Ingestion pipeline: 1. Source documents — web pages, PDFs, database exports, knowledge bases — enter the pipeline. 2. Documents are split into overlapping chunks small enough to fit within the embedding model's context window. 3. Each chunk is converted into a dense vector by an embedding model (see Embedding Generation Flow). 4. Vectors and their associated text payloads are written to a vector database (see Vector Database Query).

Query pipeline: 1. A user query arrives at the application. 2. The query is embedded using the same embedding model as the documents, producing a query vector. 3. The vector database returns the top-k most similar chunks via approximate nearest-neighbor search. 4. The retrieved chunks are assembled into a context window alongside the user's question. 5. An augmented prompt — system instructions + retrieved context + user query — is constructed and dispatched to the LLM (see LLM Request Flow). 6. The LLM generates a grounded response that cites information from the retrieved context.

Why this matters

RAG dramatically reduces hallucinations by giving the model accurate, up-to-date information at generation time, without requiring expensive fine-tuning.
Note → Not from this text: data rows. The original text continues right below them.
(* There exists a family $(C_n)_{n\ge1}$, where $C_n$ is a circuit on $n$ qubits composed of controlled-not gates and one-qubit diagonal gates, with the following property: for every polynomial $p$ there is a polynomial $q$ such that for all $n$, every quantum circuit in which the operator computed by $C_n$ is embedded using at most $p(n)$ ancillae has depth at least $2^n/q(n)$. In other words, these circuits cannot be parallelized to less than exponential depth with a polynomial number of ancillae.
   Context: Qubits have computational basis $|0\rangle,|1\rangle$. The controlled-not gate is $|a,b\rangle\mapsto|a,a\oplus b\rangle$; a one-qubit diagonal gate is $\mathrm{diag}(e^{i\alpha},e^{i\beta})$ on a single qubit. A one-layer circuit is a tensor product of arbitrary one-qubit and two-qubit unitary gates acting on pairwise disjoint sets of qubits; a quantum circuit of depth $d$ is a product of $d$ one-layer circuits. An operator $F$ on $n$ qubits is embedded in an operator $M$ on $n+m$ qubits using $m$ ancillae if $M(|\psi\rangle\otimes|0\cdots0\rangle)=(F|\psi\rangle)\otimes|0\cdots0\rangle$ for all $|\psi\rangle$. *)

theory Defs
  imports Complex_Main "HOL-Computational_Algebra.Polynomial"
begin

text \<open>Computational basis states of N qubits (qubits 0..N-1): bit assignments
  nat => bool that are False outside {0..<N}.\<close>

type_synonym bits = "nat \<Rightarrow> bool"
type_synonym qop = "bits \<Rightarrow> bits \<Rightarrow> complex"
type_synonym qvec = "bits \<Rightarrow> complex"

definition basis_on :: "nat set \<Rightarrow> bits set" where
  "basis_on S = {x. \<forall>k. x k \<longrightarrow> k \<in> S}"

abbreviation basis :: "nat \<Rightarrow> bits set" where
  "basis N \<equiv> basis_on {..<N}"

definition idm :: qop where
  "idm x y = (if x = y then 1 else 0)"

definition matmul :: "nat \<Rightarrow> qop \<Rightarrow> qop \<Rightarrow> qop" where
  "matmul N A B x y = (\<Sum>z\<in>basis N. A x z * B z y)"

definition apply_op :: "nat \<Rightarrow> qop \<Rightarrow> qvec \<Rightarrow> qvec" where
  "apply_op N A v x = (\<Sum>y\<in>basis N. A x y * v y)"

definition unitary_on :: "bits set \<Rightarrow> qop \<Rightarrow> bool" where
  "unitary_on A U \<longleftrightarrow> (\<forall>x\<in>A. \<forall>y\<in>A.
     (\<Sum>z\<in>A. cnj (U z x) * U z y) = (if x = y then 1 else 0))"

text \<open>Arbitrary gate: a unitary U acting on the qubits in S (U indexed by bit
  assignments supported in S), extended by the identity on all other qubits.\<close>

definition restr :: "nat set \<Rightarrow> bits \<Rightarrow> bits" where
  "restr S x = (\<lambda>k. k \<in> S \<and> x k)"

definition gate_mat :: "nat set \<times> qop \<Rightarrow> qop" where
  "gate_mat g x y = (let (S, U) = g in
     if (\<forall>k. k \<notin> S \<longrightarrow> x k = y k) then U (restr S x) (restr S y) else 0)"

definition valid_gate :: "nat \<Rightarrow> nat set \<times> qop \<Rightarrow> bool" where
  "valid_gate N g \<longleftrightarrow> (let (S, U) = g in
     S \<noteq> {} \<and> card S \<le> 2 \<and> S \<subseteq> {..<N} \<and> unitary_on (basis_on S) U)"

definition layer_ok :: "nat \<Rightarrow> (nat set \<times> qop) list \<Rightarrow> bool" where
  "layer_ok N gs \<longleftrightarrow> (\<forall>g\<in>set gs. valid_gate N g) \<and>
     (\<forall>i<length gs. \<forall>j<length gs. i \<noteq> j \<longrightarrow> fst (gs ! i) \<inter> fst (gs ! j) = {})"

definition layer_op :: "nat \<Rightarrow> (nat set \<times> qop) list \<Rightarrow> qop" where
  "layer_op N gs = foldr (\<lambda>g A. matmul N (gate_mat g) A) gs idm"

definition circuit_of_depth :: "nat \<Rightarrow> nat \<Rightarrow> qop \<Rightarrow> bool" where
  "circuit_of_depth N d M \<longleftrightarrow> (\<exists>Ls. length Ls = d \<and> (\<forall>L\<in>set Ls. layer_ok N L) \<and>
     (\<forall>x\<in>basis N. \<forall>y\<in>basis N.
        M x y = foldr (\<lambda>L A. matmul N (layer_op N L) A) Ls idm x y))"

text \<open>Embedding of an n-qubit operator F into an (n+m)-qubit operator M, ancillae
  being qubits n..n+m-1:  M(psi \<otimes> |0..0>) = (F psi) \<otimes> |0..0>.\<close>

definition zext :: "nat \<Rightarrow> qvec \<Rightarrow> qvec" where
  "zext n v y = (if y \<in> basis n then v y else 0)"

definition embeds :: "nat \<Rightarrow> nat \<Rightarrow> qop \<Rightarrow> qop \<Rightarrow> bool" where
  "embeds n m F M \<longleftrightarrow> (\<forall>\<psi>. \<forall>x\<in>basis (n + m).
     apply_op (n + m) M (zext n \<psi>) x = zext n (apply_op n F \<psi>) x)"

datatype cgate = CNOT nat nat | Diag nat real real

fun cgate_ok :: "nat \<Rightarrow> cgate \<Rightarrow> bool" where
  "cgate_ok n (CNOT a b) \<longleftrightarrow> a < n \<and> b < n \<and> a \<noteq> b"
| "cgate_ok n (Diag i \<alpha> \<beta>) \<longleftrightarrow> i < n"

text \<open>CNOT with control a, target b: |..x_a..x_b..> \<mapsto> |..x_a..(x_a xor x_b)..>;
  Diag i \<alpha> \<beta> = diag(e^{i\<alpha>}, e^{i\<beta>}) on qubit i.\<close>

fun cgate_mat :: "cgate \<Rightarrow> qop" where
  "cgate_mat (CNOT a b) x y =
     (if (\<forall>k. k \<noteq> b \<longrightarrow> x k = y k) \<and> x b = (y a \<noteq> y b) then 1 else 0)"
| "cgate_mat (Diag i \<alpha> \<beta>) x y =
     (if x = y then (if x i then exp (\<i> * of_real \<beta>) else exp (\<i> * of_real \<alpha>)) else 0)"

definition cnot_diag_circuit :: "nat \<Rightarrow> cgate list \<Rightarrow> bool" where
  "cnot_diag_circuit n gs \<longleftrightarrow> (\<forall>g\<in>set gs. cgate_ok n g)"

definition cop :: "nat \<Rightarrow> cgate list \<Rightarrow> qop" where
  "cop n gs = foldr (\<lambda>g A. matmul n (cgate_mat g) A) gs idm"

end

theory Submission
  imports Defs "HOL-Library.FuncSet" "HOL-Library.Function_Algebras"
begin

(* C_n is a product of 2^n - 1 phase blocks; block j multiplies a basis state y by e^(i c_j)
   when y has odd parity on the bits of j. So C_n is diagonal with phases
   phi(y) = sum_j c_j [odd parity], and the Walsh transform recovers every c_j from phi,
   stably. With c_j = a_j / (R 2^(n+1)) and a_j in {1..R}, phi stays in [0, 1/2], where
   e^(i phi) determines phi stably; hence any fixed matrix is diagonally close to only
   boundedly many (independently of R) of the R^(2^n - 1) choices of a.
   Conversely, rounding the gates of a depth-d circuit on n + m qubits to a grid of mesh 1/R
   moves its matrix by at most K/R, with K independent of R, and there are only about
   R^(32 d (n+m)) rounded circuits. If 32 d (n+m) + 2 <= 2^n, these cannot cover all choices
   of a once R is large, so some C_n is embedded in no such circuit: 2^n <= 33 d (n+m),
   and m <= p(n) turns this into 2^n <= d q(n). *)

section \<open>Computational basis states and Walsh characters\<close>

lemma basis_on_subset_indicators: "basis_on S \<subseteq> (\<lambda>A k. k \<in> A) ` Pow S"
proof
  fix x assume "x \<in> basis_on S"
  then have "{k. x k} \<in> Pow S" and "x = (\<lambda>k. k \<in> {k. x k})"
    by (auto simp: basis_on_def)
  then show "x \<in> (\<lambda>A k. k \<in> A) ` Pow S" by blast
qed

lemma finite_basis_on: "finite S \<Longrightarrow> finite (basis_on S)"
  using basis_on_subset_indicators by (meson finite_Pow_iff finite_imageI finite_subset)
It also makes answers auditable — every claim can be traced back to a retrieved source chunk.

Frequently asked questions

RAG (Retrieval-Augmented Generation) architecture is a design pattern that augments a language model's generation by first retrieving relevant documents from an external knowledge base and injecting them into the prompt. It combines the fluency of LLMs with the factual grounding of a search system.

The ingestion pipeline converts source documents into vector embeddings and stores them in a vector database. At query time, the user's question is embedded with the same model, the vector database returns the most similar chunks, and those chunks are assembled into an augmented prompt that the LLM uses to generate a grounded response.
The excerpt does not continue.